There is a perceived lack of variety today compared with the 60's and 70's, 
but it's not as bad as you might think. There is certainly a drastic 
reduction in Class I's, but we still have a plethora of regionals and short 
lines, and for locomotives, leasing companies. So we need to clarify: 
variety in what? In the kind we like, ie many colorful competing and 
connecting Northeast RR's, the loss is drastic. In terms of intercity 
passenger equipment, even worse: you can have Amtrak or Amtrak. Freight 
equipment? It's a mixed bag. The least variety was in the steam era: mostly 
40' boxcars and open hoppers. Yawn. Go back to reading after the loco 
passes. By the 60's, we had an explosion in freight car variations: 
Boxcars-all lengths from 40'-86', hy-cubes, all-door, cushioned, insulated
Flatcars-TOFC/COFC, autorack, bulkhead, center-beam
Covered Hoppers-lengths from 36'-60', ribbed, cylindrical, inverted teardrop
etc etc, and this variety is still with us.

You need to differentiate also between variety in equipment vs service 
patterns. Looking at intermodal, we had good variety of equipment in the 
first few decades, then by the mid-70's, it had distilled down to the two 
40' trailers on a long flat configuration. With almost all dry van type 
trailers being free-runners, the trains all looked the same on all 
railroads, except for the limited number heavy with reefers or UPS 
drop-frames. Then Dereg inspired a whole new generation of equipment types: 
spine cars for TOFC, COFC or both, well cars in various lengths and body 
styles, roadrailers, trailers of ever-increasing length and containers in 
almost every imaginable color. In terms of service patterns, it's the 
opposite: intermodal has become commoditized with 70% of the business being 
import/export: train after train of merchandise from nameless, faceless 
plants in the Far East with no particular service standard. If it's already 
spent a week crossing the Pacific, who cares it it gets to Chicago third 
evening, fourth evening etc. Let's hope the new generation of modelers is 
focused on equipment.

Paul B


From: JG at graytrainpix <graytrainpix_@_hotmail.com>
Subject: (erielack) Freight Trains Today

I was watching the PBS Newshour on Thursday night getting a fix on the stuff 
going on in Iran, and they ran an interesting report about NIMBY reactions 
to the CN takeover of the EJ&E.  Not that NIMBY is anything new or unique 
these days, but the report had some interesting footage of CN and BNSF 
trains around Chicagoland.  No real EL relevance, other than the tangential 
fact that the former EL/EJE/GT diamond in Griffith, Ind. will be an 
important connection point in CN's plan to keep freights away from downtown 
by using the EJE.

However, the train shots in this report made me ponder another reason why I 
miss the EL so much (and you probably do too).  The action footage basically 
showed three kinds of freights:  coal/hopper runs, double-stack intermodal 
runs, and mixed freights consisting mainly of large tank cars.  That could 
cover perhaps 80% of freight traffic these days.  Back in the 60s and 70s, 
it seemed like every freight run was different and distinctive; 90 had its 
big auto parts cars (and stock cars, if you go back to the early 60s), TC2 / 
BC2 had a lot of 40 foot boxcars (paper from Canada) and maybe some 
autoracks for Jersey City, 74 had reefers, 100 had the boxcar block ahead of 
its TOFC, PO98 would be a mix of anything and everything, CS9 and PN98 might 
have some cement covered hoppers . . .  and of course we had three types of 
cabeese to watch for at the tail end, versus a blinking FRED today.

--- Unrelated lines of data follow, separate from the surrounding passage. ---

(* Let $(A;R)\in\mathcal C$ and work in $PG(A;R)$. Let $A_1,A_2,C$ be closed sets with $d(A_1\cup A_2)=d(A_1)+d(A_2)-d(A_1\cap A_2)$. Then $$d((A_1\cap C)\cup(A_2\cap C))=d(A_1\cap C)+d(A_2\cap C)-d(A_1\cap A_2\cap C).$$
   Context: A set system is a pair $(A;R)$ where $R$ is a set of finite non-empty subsets of $A$; for $X\subseteq A$, $R[X]=\{r\in R:r\subseteq X\}$ and $\delta(X)=|X|-|R[X]|$. $\mathcal C$ is the class of finite set systems with $\delta(X)\ge0$ for all $X\subseteq A$. $d(X)=\min\{\delta(Y):X\subseteq Y\subseteq A\}$, $\mathrm{cl}(X)=\{y:d(X\cup\{y\})=d(X)\}$, and $PG(A;R)$ is the matroid $(A,\mathrm{cl})$ with rank function $d$; closed sets are $F$ with $\mathrm{cl}(F)=F$. *)

theory Defs
  imports Main
begin

definition set_system :: "'a set \<Rightarrow> 'a set set \<Rightarrow> bool" where
  "set_system A R \<longleftrightarrow> (\<forall>r\<in>R. finite r \<and> r \<noteq> {} \<and> r \<subseteq> A)"

definition Rof :: "'a set set \<Rightarrow> 'a set \<Rightarrow> 'a set set" where
  "Rof R X = {r \<in> R. r \<subseteq> X}"

definition delta :: "'a set set \<Rightarrow> 'a set \<Rightarrow> int" where
  "delta R X = int (card X) - int (card (Rof R X))"

definition classC :: "'a set \<Rightarrow> 'a set set \<Rightarrow> bool" where
  "classC A R \<longleftrightarrow> set_system A R \<and> finite A \<and> finite R \<and>
     (\<forall>X. X \<subseteq> A \<longrightarrow> delta R X \<ge> 0)"

definition dd :: "'a set \<Rightarrow> 'a set set \<Rightarrow> 'a set \<Rightarrow> int" where
  "dd A R X = Min {delta R Y | Y. X \<subseteq> Y \<and> Y \<subseteq> A}"

definition cl :: "'a set \<Rightarrow> 'a set set \<Rightarrow> 'a set \<Rightarrow> 'a set" where
  "cl A R X = {y \<in> A. dd A R (X \<union> {y}) = dd A R X}"

definition closed_set :: "'a set \<Rightarrow> 'a set set \<Rightarrow> 'a set \<Rightarrow> bool" where
  "closed_set A R F \<longleftrightarrow> F \<subseteq> A \<and> cl A R F = F"

end

theory Submission
  imports Defs
begin

(* Write delta for the set function |X| - |R[X]| and d for its
   upward minimum, so that d(X) = min { delta(Y) : X <= Y <= A }.
   (1) delta is submodular, and its modularity defect on a pair P, Q is exactly
       the number of relations contained in P u Q but in neither P nor Q.
   (2) Call F delta-minimal if delta(F) <= delta(Y) for every F <= Y <= A;
       this holds iff d(F) = delta(F).  Submodularity shows that intersections
       of delta-minimal sets are delta-minimal.
   (3) A closed set F is even strictly delta-minimal (delta(F) < delta(Y) for
       F < Y <= A), and strict delta-minimality is preserved by intersections;
       hence d = delta on all intersections of closed sets.
   (4) For the main theorem, the modularity hypothesis on A1, A2 forces
       A1 u A2 to be delta-minimal and no relation to cross A1, A2.  Then
       (A1 n C) u (A2 n C) = C n (A1 u A2) is delta-minimal, no relation
       crosses A1 n C, A2 n C, and modularity of delta there gives the claim. *)

section \<open>Modularity defect of delta\<close>

lemma finite_Rof: "finite R \<Longrightarrow> finite (Rof R P)"
  unfolding Rof_def by auto

lemma Rof_Int: "Rof R P \<inter> Rof R Q = Rof R (P \<inter> Q)"
  unfolding Rof_def by auto

lemma Rof_Un_subset: "Rof R P \<union> Rof R Q \<subseteq> Rof R (P \<union> Q)"
  unfolding Rof_def by auto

You had a lot more variety in freight car consists, with all the fallen 
flags still flying.  Even the intermodal runs had a variety of interesting 
trailers from both RR's and trucking companies (of course, the UPS trains 
could be a bit monotonous).  Throw in the locals, the coal trains, switchers 
puttering around with a few cars in urban settings, work trains, and it was 
never boring -- at least when the trains were running.  Today, freight 
density is quite high on the remaining main lines, but variety is quite low.